Econometrist Heiko de Boer heeft hierover een interessante visie. Ik ken hem vanuit de institutionele wereld waarin ik werkzaam ben geweest. De Boer werkt voor een grote Zwitserse vermogensbeheerder vanuit Amsterdam. Hij heeft een wat afwijkende invalshoek als kenner en aanhanger van de zogenaamde Oostenrijkse School. Voor DDS interviewde ik hem.
“Wat zijn de kernpunten van de Oostenrijkse School?”

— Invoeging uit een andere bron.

(* Assume $L$ is irreducible and $p\gg0$. Let $\theta\gg0$ with $L\theta=0$ and $\sum_i\theta_i=1$. Then there exist constants $0<m\le M$ such that $m\theta\le w^*(\mu,p)\le M\theta$ for all $\mu>0$; moreover $$\lim_{\mu\to0^+}w^*(\mu,p)=p\qquad\text{and}\qquad\lim_{\mu\to\infty}w^*(\mu,p)=\frac{\sum_{i=1}^n\theta_ip_i}{\sum_{i=1}^n\theta_i^2}\,\theta .$$
   Context: Let $n\ge2$ and $A=(a_{ij})_{n\times n}$ with $a_{ij}\ge0$ for $i\ne j$. The connection matrix $L$ has $L_{ij}=a_{ij}$ for $i\ne j$, $L_{ii}=-\sum_{k\ne i}a_{ki}$. For $\mu>0$ and $r\gg0$, $w^*(\mu,r)\gg0$ denotes the unique positive equilibrium of the single-species patch model $w_i'=\mu\sum_{j=1}^nL_{ij}w_j+w_i(r_i-w_i)$, $i=1,\dots,n$ (it exists and is globally asymptotically stable in $\mathbb R^n_+\setminus\{0\}$ when $L$ is irreducible). Inequalities between vectors are componentwise. *)

theory Defs
  imports "HOL-Analysis.Analysis"
begin

definition connection_matrix :: "real^'n^'n \<Rightarrow> real^'n^'n" where
  "connection_matrix A = (\<chi> i j. if i = j then - (\<Sum>k\<in>UNIV - {i}. A $ k $ i) else A $ i $ j)"

text \<open>Irreducible matrix: there is no nonempty proper index set S with
  M i j = 0 for all i in S and j not in S (i.e. M is not permutation-similar
  to a block triangular matrix).\<close>
definition irreducible_mat :: "real^'n^'n \<Rightarrow> bool" where
  "irreducible_mat M \<longleftrightarrow>
     \<not> (\<exists>S::'n set. S \<noteq> {} \<and> S \<noteq> UNIV \<and> (\<forall>i\<in>S. \<forall>j\<in>UNIV - S. M $ i $ j = 0))"

definition strictly_pos :: "real^'n \<Rightarrow> bool" where
  "strictly_pos x \<longleftrightarrow> (\<forall>i. x $ i > 0)"

text \<open>Equilibrium of w_i' = mu * sum_j L_ij w_j + w_i (r_i - w_i).\<close>
definition is_equilibrium :: "real^'n^'n \<Rightarrow> real \<Rightarrow> real^'n \<Rightarrow> real^'n \<Rightarrow> bool" where
  "is_equilibrium L \<mu> r w \<longleftrightarrow>
     (\<forall>i. \<mu> * (\<Sum>j\<in>UNIV. L $ i $ j * w $ j) + w $ i * (r $ i - w $ i) = 0)"

definition wstar :: "real^'n^'n \<Rightarrow> real \<Rightarrow> real^'n \<Rightarrow> real^'n" where
  "wstar L \<mu> r = (THE w. strictly_pos w \<and> is_equilibrium L \<mu> r w)"

end

theory Submission
  imports Defs
begin

text \<open>Positive equilibria are compared through the ratios w/\<theta>: at an index where such a ratio
  is extremal, the Metzler structure of L fixes the sign of the diffusion term there. This
  gives min(p/\<theta>) \<theta> \<le> w \<le> max(p/\<theta>) \<theta>, uniqueness of the positive equilibrium, and, via
  Brouwer's theorem on that box, its existence. As \<mu> \<rightarrow> 0 the diffusion term is O(\<mu>), so
  w \<rightarrow> p. As \<mu> \<rightarrow> \<infinity> the equilibrium equation forces L w = O(1/\<mu>); irreducibility makes
  ker L the span of \<theta>, so w is within O(1/\<mu>) of (\<Sigma> w) \<theta>, and since the columns of L sum to
  zero, \<Sigma> w_i (p_i - w_i) = 0, which determines the limit of \<Sigma> w.\<close>

definition metzler :: "real^'n^'n \<Rightarrow> bool" where
  "metzler L \<longleftrightarrow> (\<forall>i j. i \<noteq> j \<longrightarrow> 0 \<le> L$i$j)"
(* Let $\epsilon>0$, $\beta\in(0,1)$, $\delta\in(0,1)$, and let $c:\mathbb{N}^2\times(0,1)\to\mathbb{R}_+$ (indexed by $\epsilon$ and phase indices $k_1,k_2$) be any family of threshold functions. If all rewards lie in $[0,1]$ (i.e. the potential-reward tables are in $([0,1]^K)^T$), then the algorithm AdaP-TT described in the context satisfies $\epsilon$-global DP.
   Context: Setting: $K$ arms; at each round $n$ the algorithm pulls $I_n\in[K]$ and observes reward $X_n$. $N_{n,a}=\sum_{t<n}\mathbf{1}\{I_t=a\}$. Laplace$(b)$ denotes the distribution with density $\frac{1}{2b}e^{-|x|/b}$. AdaP-TT (inputs $\beta,\delta,\epsilon$, thresholds $c_{\epsilon,k_1,k_2}$): In rounds $1,\dots,K$ pull each arm once. For each arm $a$ set phase index $k_a=1$, $T_1(a)=K+1$, $\tilde N_{1,a}=1$, $\tilde\mu_{1,a}=$ (initial reward of $a$) $+Y_{1,a}$ with $Y_{1,a}\sim$ Laplace$(1/\epsilon)$; $L_{n,a}$ = number of rounds $t<n$ with $B_t=a$; $N^a_{n,b}$ = number of rounds $t<n$ with $B_t=a$ and $I_t=b$. For each round $n>K$: (1) For every arm $a$ with $N_{n,a}\ge 2N_{T_{k_a}(a),a}$: set $k_a\leftarrow k_a+1$, $T_{k_a}(a)=n$, $\tilde N_{k_a,a}=N_{T_{k_a}(a),a}-N_{T_{k_a-1}(a),a}$, $\hat\mu_{k_a,a}=\tilde N_{k_a,a}^{-1}\sum_{s=T_{k_a-1}(a)}^{T_{k_a}(a)-1}X_s\mathbf{1}\{I_s=a\}$, and $\tilde\mu_{k_a,a}=\hat\mu_{k_a,a}+Y_{k_a,a}$ with fresh independent $Y_{k_a,a}\sim$ Laplace$(1/(\epsilon\tilde N_{k_a,a}))$. (2) $\hat a_n=\arg\max_b\tilde\mu_{k_b,b}$. (3) If for all $b\ne\hat a_n$, $\frac{(\tilde\mu_{k_{\hat a_n},\hat a_n}-\tilde\mu_{k_b,b})^2}{1/\tilde N_{k_{\hat a_n},\hat a_n}+1/\tilde N_{k_b,b}}\ge 2c_{\epsilon,k_{\hat a_n},k_b}(\tilde N_{k_{\hat a_n},\hat a_n},\tilde N_{k_b,b},\delta)$, stop and output recommendation $\hat a_n$ and stopping time $n$. (4) Leader $B_n=\arg\max_a\{\tilde\mu_{k_a,a}+\sqrt{k_a/\tilde N_{k_a,a}}+k_a/(\epsilon\tilde N_{k_a,a})\}$; challenger $C_n=\arg\min_{a\ne B_n}\frac{\tilde\mu_{k_{B_n},B_n}-\tilde\mu_{k_a,a}}{\sqrt{1/N_{n,B_n}+1/N_{n,a}}}$. (5) $I_n=B_n$ if $N^{B_n}_{n,B_n}\le\beta L_{n+1,B_n}$ (where $L_{n+1,B_n}=L_{n,B_n}+1$), else $I_n=C_n$; pull $I_n$, observe $X_n$, update counts. $\epsilon$-global DP: each user $t$ is a vector $\mathbf{x}_t\in\mathbb{R}^K$ of potential rewards and the reward observed at round $t$ is $x_{t,I_t}$. For a table $\underline{\mathbf{d}}^T=(\mathbf{x}_1,\dots,\mathbf{x}_T)$, let $\pi(\underline{a}^T,\hat a,T\mid\underline{\mathbf{d}}^T)$ be the probability that the algorithm pulls exactly $a_1,\dots,a_T$, then stops and recommends $\hat a$. The algorithm is $\epsilon$-global DP if $\pi(\underline{a}^T,\hat a,T\mid\underline{\mathbf{d}}^T)\le e^\epsilon\pi(\underline{a}^T,\hat a,T\mid\underline{\mathbf{d}}'^T)$ for all $T$, all tables $\underline{\mathbf{d}}^T,\underline{\mathbf{d}}'^T$ differing in exactly one row, all $\underline{a}^T\in[K]^T$, $\hat a\in[K]$. *)

theory Defs
  imports "HOL-Probability.Probability"
begin

(* Arms are 0-indexed: arm a ranges over {0..<K} (paper's arm a+1).
   Rounds are 1-indexed.  A history h lists rounds 1..length h; entry t-1 is
   (I_t, X_t, B_t), where B_t = None for the initial rounds 1..K (no leader). *)
type_synonym hist = "(nat \<times> real \<times> nat option) list"

definition arm_of :: "hist \<Rightarrow> nat \<Rightarrow> nat" where
  "arm_of h t = fst (h ! (t - 1))"
definition rew_of :: "hist \<Rightarrow> nat \<Rightarrow> real" where
  "rew_of h t = fst (snd (h ! (t - 1)))"
definition leader_of :: "hist \<Rightarrow> nat \<Rightarrow> nat option" where
  "leader_of h t = snd (snd (h ! (t - 1)))"

definition Ncnt :: "hist \<Rightarrow> nat \<Rightarrow> nat \<Rightarrow> nat" where
  "Ncnt h a n = card {t. 1 \<le> t \<and> t < n \<and> t \<le> length h \<and> arm_of h t = a}"
definition Lcnt :: "hist \<Rightarrow> nat \<Rightarrow> nat \<Rightarrow> nat" where
  "Lcnt h a n = card {t. 1 \<le> t \<and> t < n \<and> t \<le> length h \<and> leader_of h t = Some a}"
definition Lself :: "hist \<Rightarrow> nat \<Rightarrow> nat \<Rightarrow> nat" where
  "Lself h a n = card {t. 1 \<le> t \<and> t < n \<and> t \<le> length h \<and> leader_of h t = Some a \<and> arm_of h t = a}"
definition rsum :: "hist \<Rightarrow> nat \<Rightarrow> nat \<Rightarrow> nat \<Rightarrow> real" where
  "rsum h a s1 s2 = (\<Sum>t\<in>{s1..<s2}. if arm_of h t = a then rew_of h t else 0)"

(* phase K h a j = (k_a, T_{k_a - 1}(a), T_{k_a}(a)) at round K+1+j, after step (1).
   (T_0 is a dummy value 0, never used.) *)
fun phase :: "nat \<Rightarrow> hist \<Rightarrow> nat \<Rightarrow> nat \<Rightarrow> nat \<times> nat \<times> nat" where
  "phase K h a 0 = (1, 0, K + 1)"
| "phase K h a (Suc j) =
     (let (k, sp, s) = phase K h a j; m = K + 2 + j in
      if Ncnt h a m \<ge> 2 * Ncnt h a s then (k + 1, s, m) else (k, sp, s))"

definition Ntil :: "nat \<Rightarrow> hist \<Rightarrow> nat \<Rightarrow> nat \<Rightarrow> nat" where
  "Ntil K h a n = (let (k, sp, s) = phase K h a (n - (K + 1)) in
                   if k = 1 then 1 else Ncnt h a s - Ncnt h a sp)"

(* Laplace noise: omega (k,a) is a standard Laplace(1) variable; the noise added
   in phase k of arm a is Y_{k,a} = omega (k,a) / (eps * Ntilde_{k,a}) ~ Laplace(1/(eps*Ntilde)). *)
definition mutil :: "nat \<Rightarrow> real \<Rightarrow> (nat \<times> nat \<Rightarrow> real) \<Rightarrow> hist \<Rightarrow> nat \<Rightarrow> nat \<Rightarrow> real" where
  "mutil K eps \<omega> h a n = (let (k, sp, s) = phase K h a (n - (K + 1)); N = real (Ntil K h a n) in
      (if k = 1 then rew_of h (a + 1) else rsum h a sp s / N) + \<omega> (k, a) / (eps * N))"

definition argmax_idx :: "nat \<Rightarrow> (nat \<Rightarrow> real) \<Rightarrow> nat" where
  "argmax_idx K f = (LEAST a. a < K \<and> (\<forall>b<K. f b \<le> f a))"

definition argmin_ne :: "nat \<Rightarrow> nat \<Rightarrow> (nat \<Rightarrow> real) \<Rightarrow> nat" where
  "argmin_ne K B f = (LEAST a. a < K \<and> a \<noteq> B \<and> (\<forall>b<K. b \<noteq> B \<longrightarrow> f a \<le> f b))"

datatype decision = Stop nat | Pull nat "nat option"

(* The decision of AdaP-TT at round n = length h + 1 given the history h of rounds 1..n-1.
   c eps k1 k2 N1 N2 delta stands for c_{eps,k1,k2}(N1,N2,delta). *)
definition decide :: "nat \<Rightarrow> real \<Rightarrow> real \<Rightarrow> real \<Rightarrow>
    (real \<Rightarrow> nat \<Rightarrow> nat \<Rightarrow> nat \<Rightarrow> nat \<Rightarrow> real \<Rightarrow> real) \<Rightarrow>
    (nat \<times> nat \<Rightarrow> real) \<Rightarrow> hist \<Rightarrow> decision" where
  "decide K \<beta> \<delta> eps c \<omega> h =
    (let n = length h + 1 in
     if n \<le> K then Pull (n - 1) None
     else
       (let kk = (\<lambda>a. fst (phase K h a (n - (K + 1))));
            NN = (\<lambda>a. Ntil K h a n);
            mu = (\<lambda>a. mutil K eps \<omega> h a n);
            ah = argmax_idx K mu
        in if (\<forall>b<K. b \<noteq> ah \<longrightarrow>
                 (mu ah - mu b)\<^sup>2 / (1 / real (NN ah) + 1 / real (NN b))
                   \<ge> 2 * c eps (kk ah) (kk b) (NN ah) (NN b) \<delta>)
           then Stop ah
           else
             (let B = argmax_idx K (\<lambda>a. mu a + sqrt (real (kk a) / real (NN a))
                                        + real (kk a) / (eps * real (NN a)));
                  C = argmin_ne K B (\<lambda>a. (mu B - mu a) /
                         sqrt (1 / real (Ncnt h B n) + 1 / real (Ncnt h a n)))
              in if real (Lself h B n) \<le> \<beta> * real (Lcnt h B n + 1)
                 then Pull B (Some B) else Pull C (Some B))))"

(* History of the run after n rounds on table d (d t a = potential reward of arm a for user t);
   if the algorithm has stopped, the history stays frozen (and is shorter than n). *)
fun run_hist :: "nat \<Rightarrow> real \<Rightarrow> real \<Rightarrow> real \<Rightarrow>
    (real \<Rightarrow> nat \<Rightarrow> nat \<Rightarrow> nat \<Rightarrow> nat \<Rightarrow> real \<Rightarrow> real) \<Rightarrow>
    (nat \<Rightarrow> nat \<Rightarrow> real) \<Rightarrow> (nat \<times> nat \<Rightarrow> real) \<Rightarrow> nat \<Rightarrow> hist" where
  "run_hist K \<beta> \<delta> eps c d \<omega> 0 = []"
| "run_hist K \<beta> \<delta> eps c d \<omega> (Suc n) =
     (let h = run_hist K \<beta> \<delta> eps c d \<omega> n in
      if length h = n then
        (case decide K \<beta> \<delta> eps c \<omega> h of
           Stop _ \<Rightarrow> h
         | Pull i b \<Rightarrow> h @ [(i, d (n + 1) i, b)])
      else h)"
(* Let $G$, $k\ge 3$, the choice strings $c_{i,j}$, the template string $t$, $L$ and $d$ be as in the binary construction in the context, and let $s\in\{0,1\}^L$ be a solution, i.e. $t$ and every choice string $c_{i,j}$ ($1\le i<j\le k$) have a substring of length $L$ at Hamming distance at most $d$ from $s$. Then the encoding part of $s$ contains exactly $k$ symbols $1$, and these correspond to a clique of size $k$ in $G$: for $p=1,\dots,k$ the $p$-th section of the encoding part of $s$ equals $\mathrm{number}(h_p)$ for some $h_p$, and $v_{h_1},\dots,v_{h_k}$ form a clique of size $k$ in $G$.
   Context: Let $G=(V,E)$ be an undirected simple graph with $V=\{v_1,\dots,v_n\}$ and edge set $E=\{e_1,\dots,e_m\}$, and let $k\ge 3$ be an integer; put $N=\binom{k}{2}$ and $b=nk-2k+2$. All strings are over $\{0,1\}$. For $1\le p\le n$ let $\mathrm{number}(p)=0^{p-1}10^{n-p}$. Let $\mathrm{front\_tag}=(1^{3nk}0)^{nk}$ (length $(3nk+1)nk$). Order the pairs $(i,j)$, $1\le i<j\le k$, lexicographically and let $i'$ be the position of $(i,j)$ in this order. For an edge $e$ joining $v_r,v_s$ with $r<s$ let $\mathrm{encode}(i,j,e)=(0^n)^{i-1}\,\mathrm{number}(r)\,(0^n)^{j-i-1}\,\mathrm{number}(s)\,(0^n)^{k-j}$, $\mathrm{back\_tag}(i')=0^{(i'-1)b}1^{b}0^{(N-i')b}$, and $\mathrm{block}(i,j,e)=\mathrm{front\_tag}\,\mathrm{encode}(i,j,e)\,\mathrm{back\_tag}(i')$. The choice string is $c_{i,j}=\mathrm{block}(i,j,e_1)\cdots\mathrm{block}(i,j,e_m)$. The template string is $t=\mathrm{front\_tag}\,1^{nk}\,0^{Nb}$. Set $L=(3nk+1)nk+nk+Nb$ and $d=nk-k$. For a string $s$ of length $L$, its encoding part is the substring of its positions $(3nk+1)nk+1,\dots,(3nk+1)nk+nk$, divided into $k$ consecutive sections of length $n$. *)

theory Defs
  imports Main
begin
(* Let $X$ be a nonnegative, absolutely continuous random variable with distribution function $F$, survival function $\bar F=1-F$, finite nonzero mean, quantile function $Q(u)=\inf\{x\in\mathbb R:F(x)\ge u\}$, $0<u<1$, satisfying $Q(0):=\lim_{u\to0}Q(u)=0$, and with $Q$ differentiable on $(0,1)$ with quantile density $q=Q'$. Let $h,l:[0,1]\to[0,1]$ be distortion functions that are strictly increasing and differentiable on $(0,1)$ with positive derivatives, such that $h(x)\le l(x)$ for all $0<x<1$ and $E[X_h]<E[X_l]<+\infty$, where for a distortion function $k$, $X_k$ denotes the random variable with survival function $k(\bar F(x))$, so that $E[X_k]=\int_0^\infty k(\bar F(s))\,ds$ and $X_k$ has quantile function $Q_k(u)=Q(1-k^{-1}(1-u))$. Let $g:(0,1)\to\mathbb R$ be differentiable with $g'\cdot Q_h$ and $g'\cdot Q_l$ integrable on $(0,1)$, and let $U$ be uniformly distributed on $(0,1)$. Then $$E\left[\left(\frac{q(1-l^{-1}(1-U))}{l'(l^{-1}(1-U))}-\frac{q(1-h^{-1}(1-U))}{h'(h^{-1}(1-U))}\right)(g(1)-g(U))\right]=E[g'(Z^L)]\,(E[X_l]-E[X_h]),$$ where $Z^L$ is a random variable with density $$f_{Z^L}(x)=\frac{Q(1-l^{-1}(1-x))-Q(1-h^{-1}(1-x))}{E[X_l]-E[X_h]},\qquad 0<x<1.$$
   Context: A distortion function is a continuous, nondecreasing, piecewise differentiable function $h:[0,1]\to[0,1]$ with $h(0)=0$, $h(1)=1$. $g(1)$ denotes $\lim_{u\to1}g(u)$ where needed. *)

theory Defs
  imports "HOL-Probability.Probability"
begin

definition piecewise_differentiable_01 :: "(real \<Rightarrow> real) \<Rightarrow> bool" where
  "piecewise_differentiable_01 h \<longleftrightarrow>
     (\<exists>S. finite S \<and> (\<forall>x\<in>{0..1} - S. h differentiable (at x within {0..1})))"

definition distortion :: "(real \<Rightarrow> real) \<Rightarrow> bool" where
  "distortion h \<longleftrightarrow> continuous_on {0..1} h \<and> mono_on {0..1} h
     \<and> piecewise_differentiable_01 h
     \<and> h ` {0..1} \<subseteq> {0..1} \<and> h 0 = 0 \<and> h 1 = 1"
theorem lemma5:
  "\<exists>c k :: nat. \<forall>n\<ge>1. \<exists>ps. pcr_refutation (Qn n) (vars n) ps
      \<and> proof_degree ps \<le> 2 \<and> monomial_size ps \<le> c * n ^ k"
proof -
  have "\<exists>ps. pcr_refutation (Qn n) (vars n) ps \<and> proof_degree ps \<le> 2
      \<and> monomial_size ps \<le> 400 * n ^ 6" if n: "n \<ge> 1" for n
  proof -
    obtain ps where ps: "pcr_refutation (Qn n) (vars n) ps"
      "\<forall>p\<in>set ps. Poly_Mapping.keys p \<subseteq> quad_monos (vars n)"
      "length ps \<le> (4 * n + 4) * (n + 1)"
      using Qn_refutation_quad_monos[OF n] by blast
    have "monomial_size ps \<le> length ps * (card (vars n) + 1)\<^sup>2"
      by (rule pcr_monomial_size_le[OF finite_vars ps(2)])
    also have "\<dots> \<le> (4 * n + 4) * (n + 1) * (4 * n\<^sup>2 + 1)\<^sup>2"
      using ps(3) card_vars_le[of n] by (intro mult_mono power_mono) auto
    also have "\<dots> \<le> 400 * n ^ 6"
      by (rule size_bound_poly[OF n])
    finally show ?thesis
      using ps(1) pcr_proof_degree_le_2[OF ps(2)] by blast
  qed
  then show ?thesis
    by blast
qed

end
(* The two dissipative face terms differ by Db_0 (J_0 - J_(-1)) + (Db_0 - Db_(-1)) J_(-1), with
   J_0 - J_(-1) a sixth difference. *)
lemma qfsr5_dissipation_bigo:
  fixes Db :: "real \<Rightarrow> real \<Rightarrow> real" and G :: "nat \<Rightarrow> real \<Rightarrow> real"
  assumes G: "\<And>m y. (G m has_real_derivative G (Suc m) y) (at y)"
    and Db_a: "\<And>a b. ((\<lambda>s. Db s b) has_real_derivative Db_a a b) (at a)"
    and Db_b: "\<And>a b. ((\<lambda>t. Db a t) has_real_derivative Db_b a b) (at b)"
  shows "(\<lambda>h. Db (G 0 x) (G 0 (x + h)) * forward_diff 5 (\<lambda>t. G 0 (x + t * h)) (-2)
            - Db (G 0 (x - h)) (G 0 x) * forward_diff 5 (\<lambda>t. G 0 (x + t * h)) (-3))
         \<in> O[at_right 0](\<lambda>h. h ^ 6)"
proof -
  note coeff = qfsr5_dissipation_coefficients[OF G[of 0 x] Db_a Db_b]
  note diff = forward_diff_taylor_bigo[where G = G and x = x, OF G]
  have "(\<lambda>h. forward_diff 6 (\<lambda>t. G 0 (x + t * h)) (-3) * Db (G 0 x) (G 0 (x + h))
            + (Db (G 0 x) (G 0 (x + h)) - Db (G 0 (x - h)) (G 0 x))
              * forward_diff 5 (\<lambda>t. G 0 (x + t * h)) (-3))
         \<in> O[at_right 0](\<lambda>h. h ^ 6)"
    using landau_o.big.mult[OF coeff(2) diff(1)]
    by (intro sum_in_bigo landau_o.big_1_mult[OF diff(2) coeff(1)]) (simp add: power_Suc[symmetric])
  then show ?thesis
    by (simp add: algebra_simps eval_nat_numeral)
qed

lemma qfsr5_residual_split:
  assumes "h \<noteq> 0"
  shows "qfsr5_residual f Db u x h - c =
    ((qfsr_flux (1/3) (-2/3) (2/3) (2/15) (16/45) (4/5) f (\<lambda>_ _. 0) u h x 0
      - qfsr_flux (1/3) (-2/3) (2/3) (2/15) (16/45) (4/5) f (\<lambda>_ _. 0) u h x (-1) - h * c)
     - (Db (u x) (u (x + h)) * forward_diff 5 (\<lambda>t. u (x + t * h)) (-2)
        - Db (u (x - h)) (u x) * forward_diff 5 (\<lambda>t. u (x + t * h)) (-3)) / 48) / h"
proof -
  have face0: "qfsr_flux (1/3) (-2/3) (2/3) (2/15) (16/45) (4/5) f Db u h x 0
      = qfsr_flux (1/3) (-2/3) (2/3) (2/15) (16/45) (4/5) f (\<lambda>_ _. 0) u h x 0
        - Db (u x) (u (x + h)) * forward_diff 5 (\<lambda>t. u (x + t * h)) (-2) / 48"
    using qfsr5_flux_split[OF assms, where Db = Db and j = 0] by (simp add: nodal_def)
  have face1: "qfsr_flux (1/3) (-2/3) (2/3) (2/15) (16/45) (4/5) f Db u h x (-1)
      = qfsr_flux (1/3) (-2/3) (2/3) (2/15) (16/45) (4/5) f (\<lambda>_ _. 0) u h x (-1)
        - Db (u (x - h)) (u x) * forward_diff 5 (\<lambda>t. u (x + t * h)) (-3) / 48"
    using qfsr5_flux_split[OF assms, where Db = Db and j = "-1"] by (simp add: nodal_def)
  show ?thesis
    unfolding qfsr5_residual_def face0 face1 using assms by (simp add: field_simps)
qed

Heiko: “De Oostenrijkse School begon in 1871. De eerste is dat burger centraal staat. Ieder mens handelt om zijn/haar situatie te verbeteren, dus om zijn/haar welzijn te verbeteren. We maken iedere dag keuzes door alle mogelijke acties te rangschikken naar onze voorkeuren, zoals een vrije dag nemen, een nieuwe auto, op vakantie gaan, etc. Prijzen komen tot stand op basis van de voorkeuren van de mensen en hoeveel waarde zij ontlenen aan het gebruik van producten. Carl Menger was in 1871 de eerste die zo uitlegde hoe prijzen tot stand komen in een samenleving. Oostenrijkers hebben een afkeer van wiskunde in de economie. De rente geeft de tijdsvoorkeur weer van een samenleving. Een jonge samenleving zal meer geneigd zijn te sparen bijvoorbeeld, wat de rente omlaag zal brengen. Sparen voor later is goed, want hierdoor kunnen wij investeren in onze productiestructuur, in ons kapitaal. De productiestructuur is zeer dynamisch en past zich aan naar de wensen van de samenleving. Tot slot, maatstaven als BNP en een 2% inflatie zijn slechts statistieken. De samenleving is geen economisch model, de mens is geen robot. Als de overheid blijft sturen op deze statistieken zal dit tot steeds meer onevenwichtigheden leiden. De massale geldgroei van centrale banken leidt tot welvaartsverschuiving van arm naar rijk en is slecht voor de koopkracht van de gemiddelde burger.”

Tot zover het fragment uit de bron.